Deyimler, deyimlerin hikayeleri, bazı deyimlerin hikayeleri galerimizde.
Kültürel unsurlarımızdan biri olan deyimlerin ilginç hikayeleri
Yaşanmış olayların konu olduğu deyimler, kültürlerin en önemli unsurlarından birisidir. biz de sizler için deyimlerin anlamlarını derledik.
işte o hikayelerden bazıları...
Dingo'nun ahırı
İstanbul'da ulaşım için atlı tramvayların kullanıldığı yıllarda iki at ile çekilen tramvaylara dik şişhane yokuşunu çıkabilmesi için fazladan atlar koşulurdu. azapkapı'da tramvaya eklenen takviye atlar, taksim'de dingo isimli bir rum vatandaş tarafından işletilen ahırda dinlendirilir, sonra tekrar azapkapı'ya götürülürlerdi.

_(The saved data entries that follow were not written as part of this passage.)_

lemma phase_covariant_diag_dephase:
  assumes "qubit_linear \<Phi>" "phase_covariant \<Phi>" "\<rho> \<in> carrier_mat 2 2" "k < 2"
  shows "\<Phi> (dephase \<rho>) $$ (k, k) = \<Phi> \<rho> $$ (k, k)"
proof -
  let ?U = "Uz (pi/2)" and ?U' = "Uz (-(pi/2))"
  have U\<rho>: "?U * \<rho> * ?U' \<in> carrier_mat 2 2" and \<Phi>\<rho>: "\<Phi> \<rho> \<in> carrier_mat 2 2"
    using assms(1,3) by (auto simp: Uz_def qubit_linear_def)
  have "\<Phi> (dephase \<rho>) = (1/2) \<cdot>\<^sub>m (\<Phi> \<rho> + \<Phi> (?U * \<rho> * ?U'))"
    using assms(1,3) U\<rho> unfolding dephase_eq_twirl[OF assms(3)] qubit_linear_def by auto
  also have "\<Phi> (?U * \<rho> * ?U') = ?U * \<Phi> \<rho> * ?U'"
    using assms(2,3) unfolding phase_covariant_def by simp
  finally show ?thesis
    using assms(4) \<Phi>\<rho> index_Uz_conj[OF \<Phi>\<rho> assms(4) assms(4)] by (simp add: Uz_def)
qed

lemma p_coh_dephase:
  assumes "CPTP \<Phi>" "phase_covariant \<Phi>" "density \<rho>" "x \<in> {0, 1} \<times> {0, 1}"
  shows "p_coh \<Phi> (dephase \<rho>) x = p_coh \<Phi> \<rho> x"
proof -
  have lin: "qubit_linear \<Phi>"
    using assms(1) unfolding CPTP_def by blast
  have \<rho>: "\<rho> \<in> carrier_mat 2 2"
    using assms(3) by (rule density_carrier)
  have "dephase \<rho> \<in> carrier_mat 2 2" "\<Phi> (dephase \<rho>) \<in> carrier_mat 2 2" "\<Phi> \<rho> \<in> carrier_mat 2 2"
    using lin \<rho> by (auto simp: dephase_def qubit_linear_def)
  then show ?thesis
    using assms(4) \<rho> p_coh_diag phase_covariant_diag_dephase[OF lin assms(2) \<rho>]
    by (auto simp: dephase_def)
qed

Gün içinde sürekli atların girip çıktığı ahırın, bu durumu dolayısıyla girenin çıkanın belli olmadığı veya her önüne gelenin girip çıkabildiği yerler için "dingo'nun ahırı" deyimi kullanılmaya başlanmıştır.
Hapı yutmak
Sultan murad'ın kave, müskirat (sarhoş edicimaddeler) ve mükeyyifatı (keyif verici maddeler) yasakladığı dönemde saray casuslarından biri, belki de kıskançlık sebebiyle, hekimbaşı emir çelebi nin yasakları çiğnediği ve afyon kullandığına dair bir ihbarda bulunur. onun için "hapı yuttu" deyimi ortaya çıkmıştır.
Ateş pahası
Kanuni sultan süleyman maiyetiyle halkalı civarında ava çıkar. aniden başlayan şiddetli yağmur, padişah ve adamlarını karşılarına çıkan ilk eve sığınmak zorunda bırakır. ev sahibinin yaktığı ateşin karşısında elbiselerini kurutup ısınan padişah, yanındakilere dönerek, "şu ateş bin altın eder" der.
Yağmurun dinmemesi üzerine padişah ve maiyetindekiler, geceyi de bu evde geçirirler. konuklarını tanıyamasa da önemli ve zengin şahıslar olduklarını anlayan ev sahibi, sabah ona borcunu soran sultana "binbir altın" cevabını verir. bu cevabın şaşkınlıkla karşılanması üzerine ise ateşe bin altın değeri kendisinin biçtiğini, gecelik konaklamanın ise bir altın olduğunu söyler. "ateş pahası" deyimi, bu hadise üzerine doğmuştur. ederinden fazla çok pahalı şeyler için bugün de yaygın şekilde kullanılmaktadır.
Ateş almaya mı geldin?
Eskiden kibrit yokmuş. ateş sönünce, ateş küreği ile komşuya gidilir, bir parça ateş alınırmış.ateş almak için komşuya geçen kadınlar, kürekteki ateş sönmesin diye oturup çene çalamazlar ve acele ederlermiş.kapıdan içeri girmeyerek, kısa bir konuşmadan sonra gitmek isteyen ziyaretçilere: -ateş almaya mı geldin? denmesi de işte bu devirlerden kalmadır.
Meteliğe kurşun atmak
Eskiden atış talimleri yapılırken, usta atıcılar hedef için metelik denilen bozuk paralar kullanırlarmış. metelik, eskiden kullanılan on para değerinde olan bir sikke. sikke de madeni para veya bu paralara vurulan damga demektir. köyden çıkıp okuyarak yükselen, mal mülk ve şöhret sahibi olan bir adam köyünde yaptırdığı evde, gümüş paraları hedefe koyup atış talimi yaparmış. onu ziyarete gelenler, gümüş mecidiyeye ateş ederken görünce, içlerinden biri, "baksana bizimki meteliğe kurşun atıyor." demiş.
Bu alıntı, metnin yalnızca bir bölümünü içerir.